A high pressure system is parked over a huge chunk of the western United States, leading to a forecast of warmer-than-average temperatures and drier-than-normal conditions.
The outlook, when it comes to a thriving ski season, does not bode well at this point, but meteorologists say it is early.
December holds some promise.
“It is a little far out, but there are some early indications that we might see a change in the weather pattern, maybe the second week of December. I wouldn’t say that with a high level of confidence this far out,” said David Church, meteorologist with the National Weather Service in Salt Lake City.
December could bring colder temperatures and wetter weather. At least that is the hope.
Church gets that for people who like to get outdoors and have fun in the sun, these are pretty good conditions right now.
It does not help abate the effects of what feels like an endless drought, and it won’t help water supply levels next year.
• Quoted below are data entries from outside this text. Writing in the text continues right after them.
lemma path_cost_Cons_Cons:
  assumes "r \<noteq> []"
  shows "path_cost \<beta> \<rho> p (a # b # r) =
    \<beta> a b * (norm (p a - p b))\<^sup>2 + \<rho> b + path_cost \<beta> \<rho> p (b # r)"
  using sum_adjacent_pairs_Cons[of "\<lambda>x y. \<beta> x y * (norm (p x - p y))\<^sup>2" a b r]
    sum_interior_nodes_Cons[OF assms, of \<rho> a b]
  by (simp add: path_cost_def)

lemma AP_FC_paths_ConsE:
  assumes "l \<in> AP_FC_paths N M s n"
  obtains b r where "l = n # b # r"
  using assms unfolding AP_FC_paths_def
  by (cases l; cases "tl l") auto

lemma pair_in_AP_FC_paths_iff:
  "[a, b] \<in> AP_FC_paths N M s n \<longleftrightarrow> a = n \<and> a \<in> {1..N} \<and> b \<in> {N+1..N+M} \<and> 0 < s a b"
  by (auto simp: AP_FC_paths_def path_prod_Cons_Cons)

definition AP_flow_graph :: "nat \<Rightarrow> (nat \<Rightarrow> nat \<Rightarrow> real) \<Rightarrow> nat rel" where
  "AP_flow_graph N s = {(i, j). i \<in> {1..N} \<and> j \<in> {1..N} \<and> 0 < s i j}"

context
  fixes N M :: nat and s :: "nat \<Rightarrow> nat \<Rightarrow> real"
  assumes nfm: "normalized_flow_matrix N M s"
begin

lemma flow_nonneg: "i \<in> {1..N} \<Longrightarrow> j \<in> {1..N+M} \<Longrightarrow> 0 \<le> s i j"
  using nfm unfolding normalized_flow_matrix_def by blast

lemma flow_row_sum: "i \<in> {1..N} \<Longrightarrow> (\<Sum>j=1..N+M. s i j) = 1"
  using nfm unfolding normalized_flow_matrix_def by blast

lemma Cons_in_AP_FC_paths_iff:
  assumes "2 \<le> length l"
  shows "a # l \<in> AP_FC_paths N M s n \<longleftrightarrow>
    a = n \<and> a \<in> {1..N} \<and> 0 < s a (hd l) \<and> l \<in> AP_FC_paths N M s (hd l)"
proof -
  obtain b c r where l: "l = b # c # r" using assms by (cases l; cases "tl l") auto
  have "0 < s a b * path_prod s l \<longleftrightarrow> 0 < s a b \<and> 0 < path_prod s l"
    if "a \<in> {1..N}" "b \<in> {1..N}"
    using flow_nonneg[of a b] that by (auto simp: zero_less_mult_iff)
  then show ?thesis
    using l by (auto simp: AP_FC_paths_def path_prod_Cons_Cons All_less_Suc2)
qed

lemma trancl_AP_flow_graph_imp_path:
  assumes "(x, y) \<in> (AP_flow_graph N s)\<^sup>+"
  shows "\<exists>l. 2 \<le> length l \<and> set l \<subseteq> {1..N} \<and> hd l = x \<and> last l = y \<and> 0 < path_prod s l"
  using assms
proof (induction rule: converse_trancl_induct)
  case (base u)
  then show ?case
    by (intro exI[of _ "[u, y]"]) (auto simp: AP_flow_graph_def path_prod_Cons_Cons)
next
  case (step u z)
  then obtain l where l: "2 \<le> length l" "set l \<subseteq> {1..N}" "hd l = z" "last l = y" "0 < path_prod s l"
    by blast
  then obtain r where "l = z # r" "r \<noteq> []" by (cases l) force+
  with step(1) l show ?case
    by (intro exI[of _ "u # l"]) (auto simp: AP_flow_graph_def path_prod_Cons_Cons)
qed

lemma trancl_AP_flow_graph_no_back_edge:
  assumes "(x, y) \<in> (AP_flow_graph N s)\<^sup>+"
  shows "(y, x) \<notin> AP_flow_graph N s"
proof -
  obtain l where "2 \<le> length l" "set l \<subseteq> {1..N}" "hd l = x" "last l = y" "0 < path_prod s l"
    using trancl_AP_flow_graph_imp_path[OF assms] by blast
  with nfm have "s y x = 0"
    unfolding normalized_flow_matrix_def by blast
  then show ?thesis by (simp add: AP_flow_graph_def)
qed

lemma acyclic_AP_flow_graph: "acyclic (AP_flow_graph N s)"
  unfolding acyclic_def
proof
  fix x
  show "(x, x) \<notin> (AP_flow_graph N s)\<^sup>+"
  proof
    assume xx: "(x, x) \<in> (AP_flow_graph N s)\<^sup>+"
    then show False
      by (rule tranclE) (use trancl_AP_flow_graph_no_back_edge xx in blast)+
  qed
qed

lemma wf_converse_AP_flow_graph: "wf ((AP_flow_graph N s)\<inverse>)"
proof (rule finite_acyclic_wf_converse)
  show "finite (AP_flow_graph N s)"
    by (rule finite_subset[of _ "{1..N} \<times> {1..N}"]) (auto simp: AP_flow_graph_def)
qed (rule acyclic_AP_flow_graph)

lemma AP_FC_paths_unfold:
  assumes "n \<in> {1..N}"
  shows "AP_FC_paths N M s n = (\<lambda>k. [n, k]) ` {k \<in> {N+1..N+M}. 0 < s n k}
     \<union> (\<Union>k\<in>{k \<in> {1..N}. 0 < s n k}. Cons n ` AP_FC_paths N M s k)"
proof (intro set_eqI iffI)
  fix l
  assume l: "l \<in> AP_FC_paths N M s n"
  then obtain b r where lbr: "l = n # b # r" by (rule AP_FC_paths_ConsE)
  show "l \<in> (\<lambda>k. [n, k]) ` {k \<in> {N+1..N+M}. 0 < s n k}
     \<union> (\<Union>k\<in>{k \<in> {1..N}. 0 < s n k}. Cons n ` AP_FC_paths N M s k)"
  proof (cases "r = []")
    case True
    with l lbr show ?thesis by (auto simp: pair_in_AP_FC_paths_iff)
  next
    case False
    then have "2 \<le> length (b # r)" by (cases r) auto
    with l lbr have "0 < s n b" and "b # r \<in> AP_FC_paths N M s b"
      by (simp_all add: Cons_in_AP_FC_paths_iff)
    moreover have "b \<in> {1..N}"
      using l lbr False unfolding AP_FC_paths_def by force
    ultimately show ?thesis using lbr by blast
  qed
next
  fix l
  assume "l \<in> (\<lambda>k. [n, k]) ` {k \<in> {N+1..N+M}. 0 < s n k}
     \<union> (\<Union>k\<in>{k \<in> {1..N}. 0 < s n k}. Cons n ` AP_FC_paths N M s k)"
  then consider (pair) k where "k \<in> {N+1..N+M}" "0 < s n k" "l = [n, k]"
    | (cons) k l' where "k \<in> {1..N}" "0 < s n k" "l' \<in> AP_FC_paths N M s k" "l = n # l'"
    by blast
  then show "l \<in> AP_FC_paths N M s n"
  proof cases
    case pair
    with assms show ?thesis by (simp add: pair_in_AP_FC_paths_iff)
  next
    case cons
    then have "2 \<le> length l'" "hd l' = k" by (simp_all add: AP_FC_paths_def)
    with cons assms show ?thesis by (simp add: Cons_in_AP_FC_paths_iff)
  qed
qed

lemma finite_AP_FC_paths_step:
  assumes "n \<in> {1..N}"
    and "\<And>k. k \<in> {1..N} \<Longrightarrow> 0 < s n k \<Longrightarrow> finite (AP_FC_paths N M s k)"
  shows "finite (AP_FC_paths N M s n)"
  using assms(2) unfolding AP_FC_paths_unfold[OF assms(1)] by auto

lemma sum_AP_FC_paths_unfold:
  fixes \<phi> :: "nat list \<Rightarrow> real"
  assumes n: "n \<in> {1..N}"
    and fin: "\<And>k. k \<in> {1..N} \<Longrightarrow> 0 < s n k \<Longrightarrow> finite (AP_FC_paths N M s k)"
  shows "(\<Sum>l\<in>AP_FC_paths N M s n. path_prod s l * \<phi> l) =
    (\<Sum>k=N+1..N+M. s n k * \<phi> [n, k])
    + (\<Sum>k=1..N. s n k * (\<Sum>l\<in>AP_FC_paths N M s k. path_prod s l * \<phi> (n # l)))"
proof -
  let ?P = "AP_FC_paths N M s"
  let ?h = "\<lambda>l. path_prod s l * \<phi> l"
  let ?FC = "{k \<in> {N+1..N+M}. 0 < s n k}" and ?AP = "{k \<in> {1..N}. 0 < s n k}"
  have disjoint: "(\<lambda>k. [n, k]) ` ?FC \<inter> (\<Union>k\<in>?AP. Cons n ` ?P k) = {}"
    by (auto elim: AP_FC_paths_ConsE)
  have "sum ?h (?P n) = sum ?h ((\<lambda>k. [n, k]) ` ?FC) + sum ?h (\<Union>k\<in>?AP. Cons n ` ?P k)"
    unfolding AP_FC_paths_unfold[OF n] using fin disjoint by (simp add: sum.union_disjoint)
  also have "sum ?h ((\<lambda>k. [n, k]) ` ?FC) = (\<Sum>k\<in>?FC. s n k * \<phi> [n, k])"
    by (simp add: sum.reindex inj_on_def path_prod_Cons_Cons)
  also have "sum ?h (\<Union>k\<in>?AP. Cons n ` ?P k) = (\<Sum>k\<in>?AP. sum ?h (Cons n ` ?P k))"
    using fin by (intro sum.UNION_disjoint) (auto elim: AP_FC_paths_ConsE)
  also have "\<dots> = (\<Sum>k\<in>?AP. s n k * (\<Sum>l\<in>?P k. path_prod s l * \<phi> (n # l)))"
  proof (rule sum.cong)
    fix k
    have "path_prod s (n # l) = s n k * path_prod s l" if "l \<in> ?P k" for l
      using that by (auto elim: AP_FC_paths_ConsE simp: path_prod_Cons_Cons)
    then show "sum ?h (Cons n ` ?P k) = s n k * (\<Sum>l\<in>?P k. path_prod s l * \<phi> (n # l))"
      by (simp add: sum.reindex sum_distrib_left mult.assoc)
  qed simp
  also have "(\<Sum>k\<in>?FC. s n k * \<phi> [n, k]) = (\<Sum>k=N+1..N+M. s n k * \<phi> [n, k])"
    using n by (intro sum_filter_pos_weights) (auto intro: flow_nonneg)
  also have "(\<Sum>k\<in>?AP. s n k * (\<Sum>l\<in>?P k. path_prod s l * \<phi> (n # l))) =
      (\<Sum>k=1..N. s n k * (\<Sum>l\<in>?P k. path_prod s l * \<phi> (n # l)))"
    using n by (intro sum_filter_pos_weights) (auto intro: flow_nonneg)
  finally show ?thesis .
qed

lemma AP_FC_paths_finite_sum_path_prod:
  "n \<in> {1..N} \<Longrightarrow>
    finite (AP_FC_paths N M s n) \<and> (\<Sum>l\<in>AP_FC_paths N M s n. path_prod s l) = 1"
proof (induction n rule: wf_induct_rule[OF wf_converse_AP_flow_graph])
  case (1 n)
  then have IH: "finite (AP_FC_paths N M s k) \<and> (\<Sum>l\<in>AP_FC_paths N M s k. path_prod s l) = 1"
    if "k \<in> {1..N}" "0 < s n k" for k
    using that by (auto simp: AP_flow_graph_def)
  then have fin: "\<And>k. k \<in> {1..N} \<Longrightarrow> 0 < s n k \<Longrightarrow> finite (AP_FC_paths N M s k)"
    by blast
  have weights: "s n k * (\<Sum>l\<in>AP_FC_paths N M s k. path_prod s l * 1) = s n k" if "k \<in> {1..N}" for k
  proof (cases "0 < s n k")
    case False
    with flow_nonneg[OF 1(2), of k] that show ?thesis by simp
  qed (use IH that in simp)
  have "(\<Sum>l\<in>AP_FC_paths N M s n. path_prod s l * 1) =
      (\<Sum>k=N+1..N+M. s n k * 1) + (\<Sum>k=1..N. s n k * (\<Sum>l\<in>AP_FC_paths N M s k. path_prod s l * 1))"
    by (rule sum_AP_FC_paths_unfold[OF 1(2) fin])
  also have "(\<Sum>k=1..N. s n k * (\<Sum>l\<in>AP_FC_paths N M s k. path_prod s l * 1)) = (\<Sum>k=1..N. s n k)"
    by (rule sum.cong[OF refl weights]) simp
  also have "(\<Sum>k=N+1..N+M. s n k * 1) + (\<Sum>k=1..N. s n k) = 1"
    using flow_row_sum[OF 1(2)] sum.ub_add_nat[of 1 N "s n" M] by simp
  finally show ?case
    using finite_AP_FC_paths_step[OF 1(2) fin] by simp
qed

lemma finite_AP_FC_paths: "n \<in> {1..N} \<Longrightarrow> finite (AP_FC_paths N M s n)"
  using AP_FC_paths_finite_sum_path_prod by blast

lemma sum_path_prod_AP_FC_paths: "n \<in> {1..N} \<Longrightarrow> (\<Sum>l\<in>AP_FC_paths N M s n. path_prod s l) = 1"
  using AP_FC_paths_finite_sum_path_prod by blast

lemma power_coeff_recursion:
  assumes n: "n \<in> {1..N}"
  shows "power_coeff N M s \<beta> \<rho> p n =
    (\<Sum>k=1..N+M. s n k * (\<beta> n k * (norm (p n - p k))\<^sup>2))
    + (\<Sum>k=1..N. s n k * (\<rho> k + power_coeff N M s \<beta> \<rho> p k))"
proof -
  let ?P = "AP_FC_paths N M s" and ?g = "power_coeff N M s \<beta> \<rho> p"
  let ?c = "\<lambda>k. \<beta> n k * (norm (p n - p k))\<^sup>2"
  have extend: "(\<Sum>l\<in>?P k. path_prod s l * path_cost \<beta> \<rho> p (n # l)) = ?c k + \<rho> k + ?g k"
    if k: "k \<in> {1..N}" for k
  proof -
    have "(\<Sum>l\<in>?P k. path_prod s l * path_cost \<beta> \<rho> p (n # l)) =
        (\<Sum>l\<in>?P k. (?c k + \<rho> k) * path_prod s l + path_prod s l * path_cost \<beta> \<rho> p l)"
      by (rule sum.cong) (auto elim!: AP_FC_paths_ConsE simp: path_cost_Cons_Cons algebra_simps)
    also have "\<dots> = ?c k + \<rho> k + ?g k"
      using sum_path_prod_AP_FC_paths[OF k]
      by (simp add: sum.distrib power_coeff_eq_sum_path_cost flip: sum_distrib_left)
    finally show ?thesis .
  qed
  have "?g n = (\<Sum>l\<in>?P n. path_prod s l * path_cost \<beta> \<rho> p l)"
    by (rule power_coeff_eq_sum_path_cost)
  also have "\<dots> = (\<Sum>k=N+1..N+M. s n k * path_cost \<beta> \<rho> p [n, k])
      + (\<Sum>k=1..N. s n k * (\<Sum>l\<in>?P k. path_prod s l * path_cost \<beta> \<rho> p (n # l)))"
    using n finite_AP_FC_paths by (intro sum_AP_FC_paths_unfold)
  also have "\<dots> = (\<Sum>k=1..N. s n k * ?c k) + (\<Sum>k=N+1..N+M. s n k * ?c k)
      + (\<Sum>k=1..N. s n k * (\<rho> k + ?g k))"
    by (simp add: path_cost_pair extend distrib_left sum.distrib)
  also have "\<dots> = (\<Sum>k=1..N+M. s n k * ?c k) + (\<Sum>k=1..N. s n k * (\<rho> k + ?g k))"
    using sum.ub_add_nat[of 1 N "\<lambda>k. s n k * ?c k" M] by simp
  finally show ?thesis .
qed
Utah residents, in this time of Thanksgiving, can be grateful for an incredibly wet October that replenished dry soils and delivered a base of high mountain snowpack that Church said should remain in the months to come.
“We had a really nice start to the water year in October with quite a bit of precipitation,” he said. “Obviously, we are not getting much help from Mother Nature now when it comes to natural snow.”
Church said Utah is in an unsavory position now, but the months ahead could turn a bad meal into a fabulous feast.
As we sit, 75% of the water years on record have shown more snowpack in the mountains than exists now.
“It is still fairly early in the year so you know, there’s certainly quite a bit of snowpack building time ahead,” he said. “So it’s good that we at least had a good start and we haven’t lost all of it. It’s just that we haven’t really put anything additional on.”
February is a month that can pile on the snowpack accumulation in Utah and other states in the West.
“It is just a matter of continuing to build that snowpack,” he said.